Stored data
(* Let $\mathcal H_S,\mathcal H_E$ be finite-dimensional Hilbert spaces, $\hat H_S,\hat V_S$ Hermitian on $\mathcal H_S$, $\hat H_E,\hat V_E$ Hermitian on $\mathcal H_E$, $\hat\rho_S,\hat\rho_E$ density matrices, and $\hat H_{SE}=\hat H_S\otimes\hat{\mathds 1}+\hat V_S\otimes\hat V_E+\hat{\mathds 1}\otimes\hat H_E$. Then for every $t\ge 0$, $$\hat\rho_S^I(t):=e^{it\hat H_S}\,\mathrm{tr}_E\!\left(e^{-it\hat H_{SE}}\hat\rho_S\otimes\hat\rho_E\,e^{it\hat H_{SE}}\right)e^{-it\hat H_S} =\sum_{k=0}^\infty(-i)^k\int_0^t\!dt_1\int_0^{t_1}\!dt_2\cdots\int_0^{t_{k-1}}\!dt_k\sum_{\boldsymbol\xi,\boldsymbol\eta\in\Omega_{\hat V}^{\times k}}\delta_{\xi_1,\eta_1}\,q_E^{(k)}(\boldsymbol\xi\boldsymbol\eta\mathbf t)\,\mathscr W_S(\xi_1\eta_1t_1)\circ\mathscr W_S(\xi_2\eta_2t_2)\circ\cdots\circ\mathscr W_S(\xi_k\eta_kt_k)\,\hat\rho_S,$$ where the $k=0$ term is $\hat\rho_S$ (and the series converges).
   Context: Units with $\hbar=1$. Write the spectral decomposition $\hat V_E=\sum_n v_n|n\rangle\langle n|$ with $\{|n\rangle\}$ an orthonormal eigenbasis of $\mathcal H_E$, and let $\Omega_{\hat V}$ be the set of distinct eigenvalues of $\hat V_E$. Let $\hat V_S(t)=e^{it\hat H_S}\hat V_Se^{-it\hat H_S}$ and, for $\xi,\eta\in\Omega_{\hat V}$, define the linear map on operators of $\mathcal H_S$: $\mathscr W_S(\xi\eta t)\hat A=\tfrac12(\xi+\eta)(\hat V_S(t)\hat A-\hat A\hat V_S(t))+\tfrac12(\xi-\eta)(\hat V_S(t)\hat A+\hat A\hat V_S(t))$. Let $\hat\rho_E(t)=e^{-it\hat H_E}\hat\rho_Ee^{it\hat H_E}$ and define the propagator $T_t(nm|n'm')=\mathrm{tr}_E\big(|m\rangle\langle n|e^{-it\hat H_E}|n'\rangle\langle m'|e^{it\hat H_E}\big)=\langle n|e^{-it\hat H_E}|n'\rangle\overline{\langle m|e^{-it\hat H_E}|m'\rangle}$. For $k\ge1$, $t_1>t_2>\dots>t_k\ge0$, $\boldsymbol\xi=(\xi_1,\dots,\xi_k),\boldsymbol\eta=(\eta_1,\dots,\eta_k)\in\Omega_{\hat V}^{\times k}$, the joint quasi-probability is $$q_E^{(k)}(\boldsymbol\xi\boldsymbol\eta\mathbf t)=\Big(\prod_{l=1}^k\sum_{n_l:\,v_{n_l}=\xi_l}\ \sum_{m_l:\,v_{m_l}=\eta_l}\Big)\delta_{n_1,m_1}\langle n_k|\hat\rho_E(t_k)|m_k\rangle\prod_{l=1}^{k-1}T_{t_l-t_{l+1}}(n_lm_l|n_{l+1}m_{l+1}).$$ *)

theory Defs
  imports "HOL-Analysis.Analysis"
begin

* **Task to carry out**
Output the records exactly, so that each line matches what was given.

* **Solution below**
(* Let $\mathcal H_S,\mathcal H_E$ be finite-dimensional Hilbert spaces, $\hat H_S,\hat V_S$ Hermitian on $\mathcal H_S$, $\hat H_E,\hat V_E$ Hermitian on $\mathcal H_E$, $\hat\rho_S,\hat\rho_E$ density matrices, and $\hat H_{SE}=\hat H_S\otimes\hat{\mathds 1}+\hat V_S\otimes\hat V_E+\hat{\mathds 1}\otimes\hat H_E$. Then for every $t\ge 0$, $$\hat\rho_S^I(t):=e^{it\hat H_S}\,\mathrm{tr}_E\!\left(e^{-it\hat H_{SE}}\hat\rho_S\otimes\hat\rho_E\,e^{it\hat H_{SE}}\right)e^{-it\hat H_S} =\sum_{k=0}^\infty(-i)^k\int_0^t\!dt_1\int_0^{t_1}\!dt_2\cdots\int_0^{t_{k-1}}\!dt_k\sum_{\boldsymbol\xi,\boldsymbol\eta\in\Omega_{\hat V}^{\times k}}\delta_{\xi_1,\eta_1}\,q_E^{(k)}(\boldsymbol\xi\boldsymbol\eta\mathbf t)\,\mathscr W_S(\xi_1\eta_1t_1)\circ\mathscr W_S(\xi_2\eta_2t_2)\circ\cdots\circ\mathscr W_S(\xi_k\eta_kt_k)\,\hat\rho_S,$$ where the $k=0$ term is $\hat\rho_S$ (and the series converges).
   Context: Units with $\hbar=1$. Write the spectral decomposition $\hat V_E=\sum_n v_n|n\rangle\langle n|$ with $\{|n\rangle\}$ an orthonormal eigenbasis of $\mathcal H_E$, and let $\Omega_{\hat V}$ be the set of distinct eigenvalues of $\hat V_E$. Let $\hat V_S(t)=e^{it\hat H_S}\hat V_Se^{-it\hat H_S}$ and, for $\xi,\eta\in\Omega_{\hat V}$, define the linear map on operators of $\mathcal H_S$: $\mathscr W_S(\xi\eta t)\hat A=\tfrac12(\xi+\eta)(\hat V_S(t)\hat A-\hat A\hat V_S(t))+\tfrac12(\xi-\eta)(\hat V_S(t)\hat A+\hat A\hat V_S(t))$. Let $\hat\rho_E(t)=e^{-it\hat H_E}\hat\rho_Ee^{it\hat H_E}$ and define the propagator $T_t(nm|n'm')=\mathrm{tr}_E\big(|m\rangle\langle n|e^{-it\hat H_E}|n'\rangle\langle m'|e^{it\hat H_E}\big)=\langle n|e^{-it\hat H_E}|n'\rangle\overline{\langle m|e^{-it\hat H_E}|m'\rangle}$. For $k\ge1$, $t_1>t_2>\dots>t_k\ge0$, $\boldsymbol\xi=(\xi_1,\dots,\xi_k),\boldsymbol\eta=(\eta_1,\dots,\eta_k)\in\Omega_{\hat V}^{\times k}$, the joint quasi-probability is $$q_E^{(k)}(\boldsymbol\xi\boldsymbol\eta\mathbf t)=\Big(\prod_{l=1}^k\sum_{n_l:\,v_{n_l}=\xi_l}\ \sum_{m_l:\,v_{m_l}=\eta_l}\Big)\delta_{n_1,m_1}\langle n_k|\hat\rho_E(t_k)|m_k\rangle\prod_{l=1}^{k-1}T_{t_l-t_{l+1}}(n_lm_l|n_{l+1}m_{l+1}).$$ *)

theory Defs
  imports "HOL-Analysis.Analysis"
begin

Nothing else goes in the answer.